WORK REQUIRED — Filter the records below and copy every line containing the word "siblings".

Collected data entries —
definition in_R :: "'b set \<Rightarrow> ('b \<Rightarrow> 'b) \<Rightarrow> 'a set \<Rightarrow> ('a \<Rightarrow> 'a) \<Rightarrow> bool" where
  "in_R T g S f \<longleftrightarrow> (\<exists>M. is_retract M S f \<and> malg_iso T g M f)"

definition prod_carrier :: "'i set \<Rightarrow> ('i \<Rightarrow> 'd set \<times> ('d \<Rightarrow> 'd)) \<Rightarrow> ('i \<Rightarrow> 'd) set" where
  "prod_carrier I C = PiE I (\<lambda>i. fst (C i))"

definition prod_op :: "'i set \<Rightarrow> ('i \<Rightarrow> 'd set \<times> ('d \<Rightarrow> 'd)) \<Rightarrow> ('i \<Rightarrow> 'd) \<Rightarrow> ('i \<Rightarrow> 'd)" where
  "prod_op I C = (\<lambda>x. restrict (\<lambda>i. snd (C i) (x i)) I)"

text \<open>Membership in the retract variety V(K): isomorphic to a retract of a direct
  product of members of K (K given as an isomorphism-closed predicate on algebras
  of a fixed type 'd; the index type 'i is fixed by the TYPE argument).\<close>
definition in_V :: "('d set \<Rightarrow> ('d \<Rightarrow> 'd) \<Rightarrow> bool) \<Rightarrow> 'i itself \<Rightarrow> 'c set \<Rightarrow> ('c \<Rightarrow> 'c) \<Rightarrow> bool" where
  "in_V K _ X g \<longleftrightarrow> (\<exists>(I::'i set) C.
      (\<forall>i\<in>I. is_malg (fst (C i)) (snd (C i)) \<and> K (fst (C i)) (snd (C i))) \<and>
      in_R X g (prod_carrier I C) (prod_op I C))"

definition connected_malg :: "'a set \<Rightarrow> ('a \<Rightarrow> 'a) \<Rightarrow> bool" where
  "connected_malg S f \<longleftrightarrow> (\<forall>x\<in>S. \<forall>y\<in>S. \<exists>m n. (f ^^ m) x = (f ^^ n) y)"

definition has_cycle :: "'a set \<Rightarrow> ('a \<Rightarrow> 'a) \<Rightarrow> bool" where
  "has_cycle S f \<longleftrightarrow> (\<exists>x\<in>S. \<exists>k\<ge>1. (f ^^ k) x = x)"

definition Pset :: "'a set \<Rightarrow> ('a \<Rightarrow> 'a) \<Rightarrow> 'a \<Rightarrow> 'a set" where
  "Pset S f x = {y\<in>S. \<exists>n. (f ^^ n) y = x}"

text \<open>Isomorphism of partial monounary algebras (P, f restricted to P).\<close>
definition partial_iso :: "'a set \<Rightarrow> 'a set \<Rightarrow> ('a \<Rightarrow> 'a) \<Rightarrow> bool" where
  "partial_iso P1 P2 f \<longleftrightarrow> (\<exists>h. bij_betw h P1 P2 \<and>
     (\<forall>y\<in>P1. (f y \<in> P1 \<longleftrightarrow> f (h y) \<in> P2) \<and> (f y \<in> P1 \<longrightarrow> h (f y) = f (h y))))"

definition inf_part :: "'a set \<Rightarrow> ('a \<Rightarrow> 'a) \<Rightarrow> 'a set" where
  "inf_part S f = {x\<in>S. \<exists>s. s 0 = x \<and> (\<forall>n. s n \<in> S \<and> f (s (Suc n)) = s n)}"

definition prime_part :: "'a set \<Rightarrow> ('a \<Rightarrow> 'a) \<Rightarrow> 'a set" where
  "prime_part S f = {x\<in>S - inf_part S f. f x \<in> inf_part S f}"

definition star_cond :: "'a set \<Rightarrow> ('a \<Rightarrow> 'a) \<Rightarrow> bool" where
  "star_cond S f \<longleftrightarrow> (\<forall>x1\<in>S. \<forall>x2\<in>S. \<forall>x3\<in>S.
     f x1 = f x2 \<and> f x2 = f x3 \<and>
     partial_iso (Pset S f x1) (Pset S f x2) f \<and>
     partial_iso (Pset S f x1) (Pset S f x3) f \<and>
     partial_iso (Pset S f x2) (Pset S f x3) f \<longrightarrow> card {x1, x2, x3} \<le> 2)"

definition in_Ustar_c :: "'a set \<Rightarrow> ('a \<Rightarrow> 'a) \<Rightarrow> bool" where
  "in_Ustar_c S f \<longleftrightarrow> is_malg S f \<and> connected_malg S f \<and> star_cond S f"

definition Z_op :: "int \<Rightarrow> int" where "Z_op k = k + 1"

text \<open>The algebra E: Inl k stands for k \<in> \<int>, Inr k for (k,1), k \<ge> 1.\<close>
definition E_car :: "(int + nat) set" where
  "E_car = range Inl \<union> Inr ` {1..}"

fun E_op :: "int + nat \<Rightarrow> int + nat" where
  "E_op (Inl k) = Inl (k + 1)"
| "E_op (Inr k) = (if k > 1 then Inr (k - 1) else Inl 0)"

text \<open>The cycle n (carrier Z_n = {0..<n}).\<close>
definition cyc_op :: "nat \<Rightarrow> nat \<Rightarrow> nat" where
  "cyc_op n k = (k + 1) mod n"

text \<open>The algebra n-hat: Inl k for k \<in> Z_n, Inr k for (k,1), k \<ge> 1.\<close>
definition hat_car :: "nat \<Rightarrow> (nat + nat) set" where
  "hat_car n = Inl ` {0..<n} \<union> Inr ` {1..}"

fun hat_op :: "nat \<Rightarrow> nat + nat \<Rightarrow> nat + nat" where
  "hat_op n (Inl k) = Inl ((k + 1) mod n)"
| "hat_op n (Inr k) = (if k > 1 then Inr (k - 1) else Inl 0)"

definition in_S0 :: "'a set \<Rightarrow> ('a \<Rightarrow> 'a) \<Rightarrow> bool" where
  "in_S0 S f \<longleftrightarrow> malg_iso S f (UNIV :: int set) Z_op \<or> malg_iso S f E_car E_op \<or>
     (\<exists>n::nat. n \<ge> 1 \<and> (malg_iso S f {0..<n} (cyc_op n) \<or> malg_iso S f (hat_car n) (hat_op n)))"

definition in_S1 :: "'a set \<Rightarrow> ('a \<Rightarrow> 'a) \<Rightarrow> bool" where
  "in_S1 S f \<longleftrightarrow> in_Ustar_c S f \<and>
     (\<exists>a\<in>S. prime_part S f = {a} \<and> in_S0 (S - Pset S f a) f)"

end

theory Submission
  imports Defs
begin

text \<open>
  B keeps from P(a) one representative of each class of bisimilar siblings, chosen top-down
  from a (bisimilarity of the trees of preimages takes the place of the isomorphism
  P(x) \<cong> P(y) of condition (\<bigstar>)), and replaces the infinite part of A by a single copy of Z
  through f a. Sending the infinite part onto that line by level and P(a) onto the
  representatives is a retraction of A onto B. On the line f is injective, and siblings in the
  tree with isomorphic P-sets are bisimilar, hence the same representative; so B satisfies
  (\<bigstar>), and B - P(a) is the line, so B lies in S(1).

  Since A - P(a), the infinite part, is not Z, two of its elements u1 \<noteq> u2 have the same
  image. A line through u2 together with a tail ending in u1 is a retract of A isomorphic to E,
  the retraction being the map that sends P(u1) to the tail by depth and everything else to
  the line by level. The analogous map for any x1 \<in> A separates x1 from all other points, so
  these maps and the retraction onto B embed A into a product of B and copies of E. The
  embedding has a left inverse homomorphism: follow a point of the product forward until it
  reaches the image of A, then walk back the same number of steps in A along preimages
  bisimilar to its B-coordinate.
\<close>

definition malg_hom :: "'a set \<Rightarrow> ('a \<Rightarrow> 'a) \<Rightarrow> 'b set \<Rightarrow> ('b \<Rightarrow> 'b) \<Rightarrow> ('a \<Rightarrow> 'b) \<Rightarrow> bool" where
  "malg_hom S f T g h \<longleftrightarrow> (\<forall>x\<in>S. h x \<in> T \<and> h (f x) = g (h x))"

YOUR RESPONSE —
  B keeps from P(a) one representative of each class of bisimilar siblings, chosen top-down
  representatives is a retraction of A onto B. On the line f is injective, and siblings in the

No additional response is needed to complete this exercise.